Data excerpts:
____
lemma sym_pos_def_mat_invertible:
  assumes "sym_pos_def_mat G"
  shows "invertible G"
proof -
  have "\<forall>x. G *v x = 0 \<longrightarrow> x = 0"
    using assms unfolding sym_pos_def_mat_def by (metis inner_zero_right less_irrefl)
  then show ?thesis
    using matrix_left_invertible_ker invertible_left_inverse by blast
qed

lemma bounded_linear_matrix_mult_left: "bounded_linear ((**) (G::real^'m::finite^'k::finite))"
  unfolding linear_conv_bounded_linear[symmetric]
  by (rule linearI) (simp_all add: vec_eq_iff matrix_matrix_mult_def distrib_left sum.distrib
      sum_distrib_left mult.left_commute)

lemma bounded_linear_axis: "bounded_linear (axis i :: 'b::euclidean_space \<Rightarrow> 'b^'m::finite)"
  unfolding linear_conv_bounded_linear[symmetric]
  by (rule linearI) (simp_all add: vec_eq_iff axis_def)

lemma integrable_vec_iff:
  fixes f :: "'a \<Rightarrow> 'b::euclidean_space^'m::finite"
  shows "integrable M f \<longleftrightarrow> (\<forall>i. integrable M (\<lambda>x. f x $ i))"
proof
  assume "\<forall>i. integrable M (\<lambda>x. f x $ i)"
  then have "integrable M (\<lambda>x. \<Sum>i\<in>UNIV. axis i (f x $ i))"
    by (intro Bochner_Integration.integrable_sum integrable_bounded_linear[OF bounded_linear_axis])
      auto
  moreover have "(\<Sum>i\<in>UNIV. axis i (v $ i)) = v" for v :: "'b^'m"
    by (simp add: vec_eq_iff axis_def if_distrib cong: if_cong)
  ultimately show "integrable M f"
    by simp
qed (auto intro: integrable_bounded_linear[OF bounded_linear_vec_nth])

lemma integral_vec_nth:
  fixes f :: "'a \<Rightarrow> 'b::euclidean_space^'m::finite"
  assumes "integrable M f"
  shows "integral\<^sup>L M f $ i = (\<integral>x. f x $ i \<partial>M)"
  using integral_bounded_linear[OF bounded_linear_vec_nth assms] by simp

lemma integral_mat_nth:
  fixes f :: "'a \<Rightarrow> 'b::euclidean_space^'m::finite^'k::finite"
  assumes "integrable M f"
  shows "integral\<^sup>L M f $ i $ j = (\<integral>x. f x $ i $ j \<partial>M)"
  using assms by (simp add: integral_vec_nth integrable_vec_iff)

lemma integrable_homogeneous:
  fixes f :: "'a::euclidean_space \<Rightarrow> real"
  assumes sets: "sets M = sets borel"
    and cont: "continuous_on UNIV f"
    and hom: "\<And>c z. c \<ge> 0 \<Longrightarrow> f (c *\<^sub>R z) = c ^ d * f z"
    and moment: "integrable M (\<lambda>z. norm z ^ d)"
  shows "integrable M f"
proof -
  have "bounded (f ` sphere 0 1)"
    by (intro compact_imp_bounded compact_continuous_image continuous_on_subset[OF cont]) auto
  then obtain C where C: "\<And>u. norm u = 1 \<Longrightarrow> \<bar>f u\<bar> \<le> C"
    unfolding bounded_iff by fastforce
  obtain u :: 'a where u: "norm u = 1"
    using vector_choose_size zero_le_one by blast
  have bound: "\<bar>f z\<bar> \<le> C * norm z ^ d" for z
  proof (cases "z = 0")
    case True
    have "\<bar>f z\<bar> = 0 ^ d * \<bar>f u\<bar>"
      using hom[of 0 u] True by (simp add: abs_mult)
    also have "\<dots> \<le> 0 ^ d * C"
      using C[OF u] by (simp add: mult_left_mono)
    finally show ?thesis
      using True by (simp add: mult.commute)
  next
    case False
    have "f z = norm z ^ d * f (z /\<^sub>R norm z)"
      using hom[of "norm z" "z /\<^sub>R norm z"] False by simp
    then show ?thesis
      using C[of "z /\<^sub>R norm z"] False by (simp add: abs_mult mult.commute mult_left_mono)
  qed
  have "f \<in> borel_measurable M"
    using borel_measurable_continuous_onI[OF cont] measurable_cong_sets[OF sets refl] by blast
  then show ?thesis
    using bound
    by (intro Bochner_Integration.integrable_bound[OF integrable_mult_right[OF moment, of C]])
      (auto intro: order_trans[OF _ abs_ge_self])
qed

lemma has_real_derivative_along_line:
  assumes "(f has_derivative f') (at z)"
  shows "((\<lambda>t. f (z + t *\<^sub>R e)) has_real_derivative f' e) (at 0)"
proof -
  have "((\<lambda>t. z + t *\<^sub>R e) has_derivative (\<lambda>t. t *\<^sub>R e)) (at 0)"
    by (auto intro!: derivative_eq_intros)
  then have "((f \<circ> (\<lambda>t. z + t *\<^sub>R e)) has_derivative (f' \<circ> (\<lambda>t. t *\<^sub>R e))) (at 0)"
    by (rule diff_chain_at) (simp add: assms)
  moreover have "f' (t *\<^sub>R e) = f' e * t" for t
    using linear_scale[OF has_derivative_linear[OF assms]] by simp
  ultimately show ?thesis
    by (simp add: has_field_derivative_def o_def)
qed

lemma euler_homogeneous:
  fixes f :: "real^'n::finite \<Rightarrow> real"
  assumes "f differentiable (at z)" and hom: "\<And>c. f (c *\<^sub>R z) = c ^ d * f z"
  shows "(\<Sum>j\<in>UNIV. z $ j * deriv (\<lambda>t. f (z + t *\<^sub>R axis j 1)) 0) = real d * f z"
proof -
  obtain f' where f': "(f has_derivative f') (at z)"
    using assms(1) unfolding differentiable_def by blast
  have "(\<Sum>j\<in>UNIV. z $ j * deriv (\<lambda>t. f (z + t *\<^sub>R axis j 1)) 0)
      = (\<Sum>j\<in>UNIV. z $ j * f' (axis j 1))"
    by (simp add: DERIV_imp_deriv[OF has_real_derivative_along_line[OF f']])
  also have "\<dots> = f' (\<Sum>j\<in>UNIV. z $ j *\<^sub>R axis j 1)"
    using has_derivative_linear[OF f'] by (simp add: linear_sum linear_scale)
  also have "\<dots> = f' z"
    using basis_expansion[of z] by (simp add: scalar_mult_eq_scaleR)
  also have "\<dots> = real d * f z"
  proof (rule DERIV_unique[OF has_real_derivative_along_line[OF f']])
    have "((\<lambda>t. (1 + t) ^ d * f z) has_real_derivative real d * f z) (at 0)"
      by (auto intro!: derivative_eq_intros)
    moreover have "f (z + t *\<^sub>R z) = (1 + t) ^ d * f z" for t
      using hom[of "1 + t"] by (simp add: algebra_simps)
    ultimately show "((\<lambda>t. f (z + t *\<^sub>R z)) has_real_derivative real d * f z) (at 0)"
      by simp
  qed
  finally show ?thesis .
qed

lemma vector_matrix_mult_grad_homogeneous:
  fixes H :: "real^'n::finite \<Rightarrow> real^'m::finite"
  assumes "\<And>l. (\<lambda>w. H w $ l) differentiable (at z)" and "\<And>c. H (c *\<^sub>R z) = c ^ d *\<^sub>R H z"
  shows "z v* grad H z = real d *\<^sub>R H z"
  using euler_homogeneous[of "\<lambda>w. H w $ l" for l] assms
  by (simp add: vec_eq_iff vector_matrix_mult_def grad_def mult.commute)

lemma transpose_mult_grad_homogeneous:
  fixes H :: "real^'n::finite \<Rightarrow> real^'m::finite"
  assumes "\<And>l. (\<lambda>w. H w $ l) differentiable (at z)" and "\<And>c. H (c *\<^sub>R z) = c ^ d *\<^sub>R H z"
    and "d > 0"
    and K: "\<And>j k. K $ j $ k = z $ j * (H z $ k - a $ k) / real d"
  shows "transpose K ** grad H z = (\<chi> k l. (H z $ k - a $ k) * H z $ l)"
proof -
  have "(transpose K ** grad H z) $ k $ l = (H z $ k - a $ k) / real d * (z v* grad H z) $ l" for k l
    by (simp add: matrix_matrix_mult_def vector_matrix_mult_def transpose_def K sum_distrib_left
        algebra_simps)
  then show ?thesis
    using vector_matrix_mult_grad_homogeneous[OF assms(1,2)] \<open>d > 0\<close> by (simp add: vec_eq_iff)
qed

lemma integral_centered_product_eq_covmat:
  fixes H :: "real^'n::finite \<Rightarrow> real^'m::finite"
  assumes "prob_space M"
    and int: "\<And>k. integrable M (\<lambda>z. H z $ k)"
    and int2: "\<And>k l. integrable M (\<lambda>z. H z $ k * H z $ l)"
  shows "(\<integral>z. (\<chi> k l. (H z $ k - integral\<^sup>L M H $ k) * H z $ l) \<partial>M) = covmat M H"
proof -
  interpret prob_space M by fact
  define m where "m = expectation H"
  have mean: "m $ k = expectation (\<lambda>z. H z $ k)" for k
    using int unfolding m_def by (simp add: integral_vec_nth integrable_vec_iff)
  have "integrable M (\<lambda>z. (\<chi> k l. (H z $ k - m $ k) * H z $ l))"
    and "integrable M (\<lambda>z. outer (H z - m))"
    using int int2 by (simp_all add: integrable_vec_iff outer_def algebra_simps)
  moreover have "(\<integral>z. (H z $ k - m $ k) * H z $ l \<partial>M)
      = (\<integral>z. (H z $ k - m $ k) * (H z $ l - m $ l) \<partial>M)" for k l
  proof -
    have "(\<integral>z. (H z $ k - m $ k) * (H z $ l - m $ l) \<partial>M)
        = (\<integral>z. (H z $ k - m $ k) * H z $ l \<partial>M) - m $ l * (\<integral>z. H z $ k - m $ k \<partial>M)"
      using int int2 by (simp add: right_diff_distrib algebra_simps)
    moreover have "(\<integral>z. H z $ k - m $ k \<partial>M) = 0"
      using int by (simp add: mean prob_space)
    ultimately show ?thesis
      by simp
  qed
  ultimately show ?thesis
    unfolding covmat_def m_def[symmetric] by (simp add: vec_eq_iff integral_mat_nth outer_def)
qed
____
What the task requires> Begin at the line containing "unfolding covmat_def m_def[symmetric]" and reproduce every line through the last one in the records above, exactly.

Your response>
    unfolding covmat_def m_def[symmetric] by (simp add: vec_eq_iff integral_mat_nth outer_def)
qed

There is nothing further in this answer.